| DIRECTIONS |
From the listing below, set down exactly the lines between the one holding "obtain R where" and the one holding "unfolding F_def", inclusive. No other line is wanted.

| MATERIAL TO PROCESS |
(* Let $\varepsilon>0$, $u\in\mathcal{SF}_\varepsilon$, and let $T^{\rm pos},T^{\rm neg}\in\mathcal{T}_\varepsilon(\mathbb{R}^2)$ be two triangles sharing a side (i.e. $\mathcal{H}^1(T^{\rm pos}\cap T^{\rm neg})=\varepsilon$) such that $\chi(u,T^{\rm pos})\ge0$ and $\chi(u,T^{\rm neg})\le0$. Then $F_\varepsilon(u,T^{\rm pos}\cup T^{\rm neg})\ge\tfrac53\varepsilon$.
   Context: Let $\hat e_1=(1,0)$, $\hat e_2=\tfrac12(1,\sqrt3)$, $\hat e_3=\tfrac12(-1,\sqrt3)$ and $\mathcal{L}=\{z_1\hat e_1+z_2\hat e_2\colon z_1,z_2\in\mathbb{Z}\}$, with sublattices $\mathcal{L}^1=\{z_1(\hat e_1+\hat e_2)+z_2(\hat e_2+\hat e_3)\colon z\in\mathbb{Z}^2\}$, $\mathcal{L}^2=\mathcal{L}^1+\hat e_1$, $\mathcal{L}^3=\mathcal{L}^1+\hat e_2$. $\mathcal{T}(\mathbb{R}^2)$ is the set of closed triangles $\mathrm{conv}\{i,j,k\}$, $i,j,k\in\mathcal L$ pairwise at distance 1; each has one vertex in each sublattice, labelled $i\in\mathcal{L}^1,j\in\mathcal{L}^2,k\in\mathcal{L}^3$. $\mathcal{L}_\varepsilon=\varepsilon\mathcal{L}$, $\mathcal{T}_\varepsilon(\mathbb{R}^2)=\varepsilon\mathcal{T}(\mathbb{R}^2)$, $\mathcal{T}_\varepsilon(A)=\{T\in\mathcal{T}_\varepsilon(\mathbb{R}^2)\colon T\subset A\}$. $\mathcal{SF}_\varepsilon=\{u\colon\mathcal{L}_\varepsilon\to\mathcal{S}^1\}$. $F_\varepsilon(u,T)=\varepsilon|u(\varepsilon i)+u(\varepsilon j)+u(\varepsilon k)|^2$ for $T=\mathrm{conv}\{\varepsilon i,\varepsilon j,\varepsilon k\}$, and $F_\varepsilon(u,A)=\sum_{T\in\mathcal{T}_\varepsilon(A)}F_\varepsilon(u,T)$. With $v\times w=v_1w_2-v_2w_1$, the chirality is $\chi(u,T)=\frac{2}{3\sqrt3}\big(u(\varepsilon i)\times u(\varepsilon j)+u(\varepsilon j)\times u(\varepsilon k)+u(\varepsilon k)\times u(\varepsilon i)\big)$. *)

theory Defs
  imports "HOL-Analysis.Analysis"
begin

text \<open>The plane is modelled by the complex numbers (as a real vector space);
  spin values in S^1 are unit complex numbers.\<close>

definition e1 :: complex where "e1 = Complex 1 0"
definition e2 :: complex where "e2 = Complex (1/2) (sqrt 3 / 2)"
definition e3 :: complex where "e3 = Complex (-1/2) (sqrt 3 / 2)"

definition Lat :: "complex set" where
  "Lat = {of_int z1 * e1 + of_int z2 * e2 | z1 z2 :: int. True}"

definition Lat1 :: "complex set" where
  "Lat1 = {of_int z1 * (e1 + e2) + of_int z2 * (e2 + e3) | z1 z2 :: int. True}"

definition Lat2 :: "complex set" where
  "Lat2 = (\<lambda>x. x + e1) ` Lat1"

definition Lat3 :: "complex set" where
  "Lat3 = (\<lambda>x. x + e2) ` Lat1"

text \<open>Triangles of T(R^2), represented by their labelled vertices (i,j,k) with
  i in Lat1, j in Lat2, k in Lat3, pairwise at distance 1 (the labelling is unique).\<close>
definition tris :: "(complex \<times> complex \<times> complex) set" where
  "tris = {(i, j, k). i \<in> Lat1 \<and> j \<in> Lat2 \<and> k \<in> Lat3 \<and>
                      dist i j = 1 \<and> dist j k = 1 \<and> dist k i = 1}"

definition tri_hull :: "real \<Rightarrow> complex \<times> complex \<times> complex \<Rightarrow> complex set" where
  "tri_hull \<epsilon> t = (case t of (i, j, k) \<Rightarrow> convex hull {\<epsilon> *\<^sub>R i, \<epsilon> *\<^sub>R j, \<epsilon> *\<^sub>R k})"

definition SF :: "real \<Rightarrow> (complex \<Rightarrow> complex) set" where
  "SF \<epsilon> = {u. \<forall>x \<in> (\<lambda>p. \<epsilon> *\<^sub>R p) ` Lat. norm (u x) = 1}"

definition cross :: "complex \<Rightarrow> complex \<Rightarrow> real" where
  "cross v w = Re v * Im w - Im v * Re w"

definition chi :: "real \<Rightarrow> (complex \<Rightarrow> complex) \<Rightarrow> complex \<times> complex \<times> complex \<Rightarrow> real" where
  "chi \<epsilon> u t = (case t of (i, j, k) \<Rightarrow>
     2 / (3 * sqrt 3) * (cross (u (\<epsilon> *\<^sub>R i)) (u (\<epsilon> *\<^sub>R j))
                       + cross (u (\<epsilon> *\<^sub>R j)) (u (\<epsilon> *\<^sub>R k))
                       + cross (u (\<epsilon> *\<^sub>R k)) (u (\<epsilon> *\<^sub>R i))))"

definition Ftri :: "real \<Rightarrow> (complex \<Rightarrow> complex) \<Rightarrow> complex \<times> complex \<times> complex \<Rightarrow> real" where
  "Ftri \<epsilon> u t = (case t of (i, j, k) \<Rightarrow>
     \<epsilon> * (norm (u (\<epsilon> *\<^sub>R i) + u (\<epsilon> *\<^sub>R j) + u (\<epsilon> *\<^sub>R k)))\<^sup>2)"

definition F :: "real \<Rightarrow> (complex \<Rightarrow> complex) \<Rightarrow> complex set \<Rightarrow> real" where
  "F \<epsilon> u A = (\<Sum>t \<in> {t \<in> tris. tri_hull \<epsilon> t \<subseteq> A}. Ftri \<epsilon> u t)"

text \<open>Two triangles share a side: their intersection is a segment of length eps
  (equivalently H^1 of the intersection equals eps).\<close>
definition share_side :: "real \<Rightarrow> complex \<times> complex \<times> complex \<Rightarrow> complex \<times> complex \<times> complex \<Rightarrow> bool" where
  "share_side \<epsilon> s t = (\<exists>a b. tri_hull \<epsilon> s \<inter> tri_hull \<epsilon> t = closed_segment a b \<and> dist a b = \<epsilon>)"

end

theory Submission
  imports Defs
begin

(*
  Two triangles sharing a side have two vertices in common, and since every vertex
  belongs to the sublattice of its label, the common vertices sit at the same positions
  of both labelled triples. Let x, y be the spins on the common side, c, d those at the
  opposite vertices, and put s = x + y, w = y - x, which are orthogonal. The chirality
  of (x, y, c) is a positive multiple of cross(w, c - x), and the identity
  |s|^2 cross(w, c - x) = cross(w, s) (<s, c> - |s|^2 / 2) turns the opposite signs of
  the two chiralities into <s, c> >= |s|^2 / 2 or <s, d> >= |s|^2 / 2, unless
  cross(w, s) = 0, which forces s = 0 (so <s, c> = 0 anyway) or |s| = 2. If
  <s, c> >= |s|^2 / 2, the energy is at least
  (2 |s|^2 + 1) + (|s| - 1)^2 = 3 |s|^2 - 2 |s| + 2 >= 5/3; if |s| = 2, both terms are
  at least 1.
*)

lemma e3_eq: "e3 = e2 - e1"
  by (simp add: e1_def e2_def e3_def complex_eq_iff)

lemma shifted_Lat1_point_in_Lat:
  "of_int a * (e1 + e2) + of_int b * (e2 + e3) + of_int m * e1 + of_int n * e2 \<in> Lat"
proof -
  have "of_int a * (e1 + e2) + of_int b * (e2 + e3) + of_int m * e1 + of_int n * e2
      = of_int (a - b + m) * e1 + of_int (a + 2 * b + n) * e2"
    by (simp add: e3_eq algebra_simps)
  then show ?thesis
    unfolding Lat_def by blast
qed

lemma sublattices_subset_Lat: "Lat1 \<subseteq> Lat" "Lat2 \<subseteq> Lat" "Lat3 \<subseteq> Lat"
  using shifted_Lat1_point_in_Lat[where m = 0 and n = 0]
    shifted_Lat1_point_in_Lat[where m = 1 and n = 0]
    shifted_Lat1_point_in_Lat[where m = 0 and n = 1]
  by (auto simp: Lat1_def Lat2_def Lat3_def)

lemma two_Re_shifted_Lat1_point:
  "2 * Re (of_int a * (e1 + e2) + of_int b * (e2 + e3) + of_int m * e1 + of_int n * e2)
    = of_int (3 * a + 2 * m + n)"
  by (simp add: e1_def e2_def e3_def)

lemma Re_sublattices:
  "x \<in> Lat1 \<Longrightarrow> \<exists>a::int. 2 * Re x = of_int (3 * a)"
  "x \<in> Lat2 \<Longrightarrow> \<exists>a::int. 2 * Re x = of_int (3 * a + 2)"
  "x \<in> Lat3 \<Longrightarrow> \<exists>a::int. 2 * Re x = of_int (3 * a + 1)"
  using two_Re_shifted_Lat1_point[where m = 0 and n = 0]
    two_Re_shifted_Lat1_point[where m = 1 and n = 0]
    two_Re_shifted_Lat1_point[where m = 0 and n = 1]
  by (auto simp: Lat1_def Lat2_def Lat3_def)

lemma sublattices_disjoint: "Lat1 \<inter> Lat2 = {}" "Lat1 \<inter> Lat3 = {}" "Lat2 \<inter> Lat3 = {}"
proof -
  have "3 * a \<noteq> 3 * b + 2" "3 * a \<noteq> 3 * b + 1" "3 * a + 2 \<noteq> 3 * b + 1" for a b :: int
    by presburger+
  then show "Lat1 \<inter> Lat2 = {}" "Lat1 \<inter> Lat3 = {}" "Lat2 \<inter> Lat3 = {}"
    using Re_sublattices by (metis disjoint_iff of_int_eq_iff)+
qed

lemma finite_Lat_norm_le: "finite {z \<in> Lat. norm z \<le> M}"
proof -
  define N where "N = \<lceil>2 * M\<rceil>"
  have "{z \<in> Lat. norm z \<le> M} \<subseteq> (\<lambda>(z1, z2). of_int z1 * e1 + of_int z2 * e2) ` ({-N..N} \<times> {-N..N})"
  proof
    fix z assume z: "z \<in> {z \<in> Lat. norm z \<le> M}"
    then obtain z1 z2 :: int where z_eq: "z = of_int z1 * e1 + of_int z2 * e2"
      unfolding Lat_def by blast
    have Re_z: "Re z = of_int z1 + of_int z2 / 2" and Im_z: "Im z = of_int z2 * (sqrt 3 / 2)"
      by (simp_all add: z_eq e1_def e2_def)
    have "\<bar>Re z\<bar> \<le> M" "\<bar>Im z\<bar> \<le> M"
      using z abs_Re_le_cmod[of z] abs_Im_le_cmod[of z] by auto
    moreover have "\<bar>of_int z2\<bar> / 2 \<le> \<bar>of_int z2\<bar> * (sqrt 3 / 2)"
      by (simp add: mult_le_cancel_left1)
    ultimately have "\<bar>real_of_int z1\<bar> \<le> of_int N" "\<bar>real_of_int z2\<bar> \<le> of_int N"
      unfolding Re_z Im_z N_def by (auto simp: abs_mult) linarith+
    then have "(z1, z2) \<in> {-N..N} \<times> {-N..N}"
      by (auto simp only: of_int_abs[symmetric] of_int_le_iff abs_le_iff atLeastAtMost_iff mem_Sigma_iff)
    then show "z \<in> (\<lambda>(z1, z2). of_int z1 * e1 + of_int z2 * e2) ` ({-N..N} \<times> {-N..N})"
      unfolding z_eq by force
  qed
  then show ?thesis
    by (rule finite_subset) auto
qed

lemma finite_tris_in_bounded:
  assumes "\<epsilon> > 0" "bounded A"
  shows "finite {t \<in> tris. tri_hull \<epsilon> t \<subseteq> A}"
proof -
  obtain R where R: "\<And>x. x \<in> A \<Longrightarrow> norm x \<le> R"
    using assms(2) unfolding bounded_iff by blast
  define B where "B = {z \<in> Lat. norm z \<le> R / \<epsilon>}"
  have B_mem: "x \<in> B" if "x \<in> Lat" "\<epsilon> *\<^sub>R x \<in> A" for x
    using R[OF that(2)] that(1) assms(1) by (simp add: B_def pos_le_divide_eq mult.commute)
  have "{t \<in> tris. tri_hull \<epsilon> t \<subseteq> A} \<subseteq> B \<times> B \<times> B"
  proof safe
    fix i j k assume "(i, j, k) \<in> tris" "tri_hull \<epsilon> (i, j, k) \<subseteq> A"
    moreover have "{\<epsilon> *\<^sub>R i, \<epsilon> *\<^sub>R j, \<epsilon> *\<^sub>R k} \<subseteq> tri_hull \<epsilon> (i, j, k)"
      unfolding tri_hull_def by (simp add: hull_subset)
    ultimately show "i \<in> B" "j \<in> B" "k \<in> B"
      using sublattices_subset_Lat by (auto simp: tris_def intro!: B_mem)
  qed
  moreover have "finite B"
    unfolding B_def by (rule finite_Lat_norm_le)
  ultimately show ?thesis
    by (simp add: finite_subset)
qed

lemma bounded_tri_hull: "bounded (tri_hull \<epsilon> t)"
  by (cases t) (simp add: tri_hull_def bounded_convex_hull finite_imp_bounded)

lemma sum_Ftri_le_F:
  assumes "\<epsilon> > 0" "bounded A" "S \<subseteq> {t \<in> tris. tri_hull \<epsilon> t \<subseteq> A}"
  shows "(\<Sum>t\<in>S. Ftri \<epsilon> u t) \<le> F \<epsilon> u A"
  unfolding F_def
proof (rule sum_mono2[OF finite_tris_in_bounded[OF assms(1,2)] assms(3)])
  show "0 \<le> Ftri \<epsilon> u t" for t
    using assms(1) by (cases t) (simp add: Ftri_def)
qed

text \<open>For \<open>Q\<close> the left-hand side of the last hypothesis,
  \<open>2 - 2 Q = \<Sum> a\<^sub>i (1 - a\<^sub>i) + \<Sum> b\<^sub>i (1 - b\<^sub>i) + 2 \<Sum> a\<^sub>i b\<^sub>i\<close> is a sum of nonnegative
  terms, so \<open>Q = 1\<close> forces every \<open>a\<^sub>i\<close> into \<open>{0, 1}\<close>.\<close>
lemma barycentric_vertex_if_gap_eq_1:
  fixes a1 a2 a3 b1 b2 b3 :: real
  assumes "a1 \<ge> 0" "a2 \<ge> 0" "a3 \<ge> 0" "a1 + a2 + a3 = 1"
    and "b1 \<ge> 0" "b2 \<ge> 0" "b3 \<ge> 0" "b1 + b2 + b3 = 1"
    and "(a1 - b1)\<^sup>2 + (a2 - b2)\<^sup>2 + (a1 - b1) * (a2 - b2) = 1"
  shows "(a1, a2, a3) \<in> {(1, 0, 0), (0, 1, 0), (0, 0, 1)}"
proof -
  have "a1 * (1 - a1) + a2 * (1 - a2) + a3 * (1 - a3) + (b1 * (1 - b1) + b2 * (1 - b2) + b3 * (1 - b3))
      + 2 * (a1 * b1 + a2 * b2 + a3 * b3) = 0"
    using assms(4,8,9) by algebra
  moreover have "a1 * (1 - a1) \<ge> 0" "a2 * (1 - a2) \<ge> 0" "a3 * (1 - a3) \<ge> 0"
    "b1 * (1 - b1) \<ge> 0" "b2 * (1 - b2) \<ge> 0" "b3 * (1 - b3) \<ge> 0"
    "a1 * b1 \<ge> 0" "a2 * b2 \<ge> 0" "a3 * b3 \<ge> 0"
    using assms by simp_all
  ultimately have "a1 * (1 - a1) = 0" "a2 * (1 - a2) = 0" "a3 * (1 - a3) = 0"
    by (smt (verit))+
  then show ?thesis
    using assms(4) by auto
qed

| TASK SOLUTION |
  obtain R where R: "\<And>x. x \<in> A \<Longrightarrow> norm x \<le> R"
    using assms(2) unfolding bounded_iff by blast
  define B where "B = {z \<in> Lat. norm z \<le> R / \<epsilon>}"
  have B_mem: "x \<in> B" if "x \<in> Lat" "\<epsilon> *\<^sub>R x \<in> A" for x
    using R[OF that(2)] that(1) assms(1) by (simp add: B_def pos_le_divide_eq mult.commute)
  have "{t \<in> tris. tri_hull \<epsilon> t \<subseteq> A} \<subseteq> B \<times> B \<times> B"
  proof safe
    fix i j k assume "(i, j, k) \<in> tris" "tri_hull \<epsilon> (i, j, k) \<subseteq> A"
    moreover have "{\<epsilon> *\<^sub>R i, \<epsilon> *\<^sub>R j, \<epsilon> *\<^sub>R k} \<subseteq> tri_hull \<epsilon> (i, j, k)"
      unfolding tri_hull_def by (simp add: hull_subset)
    ultimately show "i \<in> B" "j \<in> B" "k \<in> B"
      using sublattices_subset_Lat by (auto simp: tris_def intro!: B_mem)
  qed
  moreover have "finite B"
    unfolding B_def by (rule finite_Lat_norm_le)
  ultimately show ?thesis
    by (simp add: finite_subset)
qed

lemma bounded_tri_hull: "bounded (tri_hull \<epsilon> t)"
  by (cases t) (simp add: tri_hull_def bounded_convex_hull finite_imp_bounded)

lemma sum_Ftri_le_F:
  assumes "\<epsilon> > 0" "bounded A" "S \<subseteq> {t \<in> tris. tri_hull \<epsilon> t \<subseteq> A}"
  shows "(\<Sum>t\<in>S. Ftri \<epsilon> u t) \<le> F \<epsilon> u A"
  unfolding F_def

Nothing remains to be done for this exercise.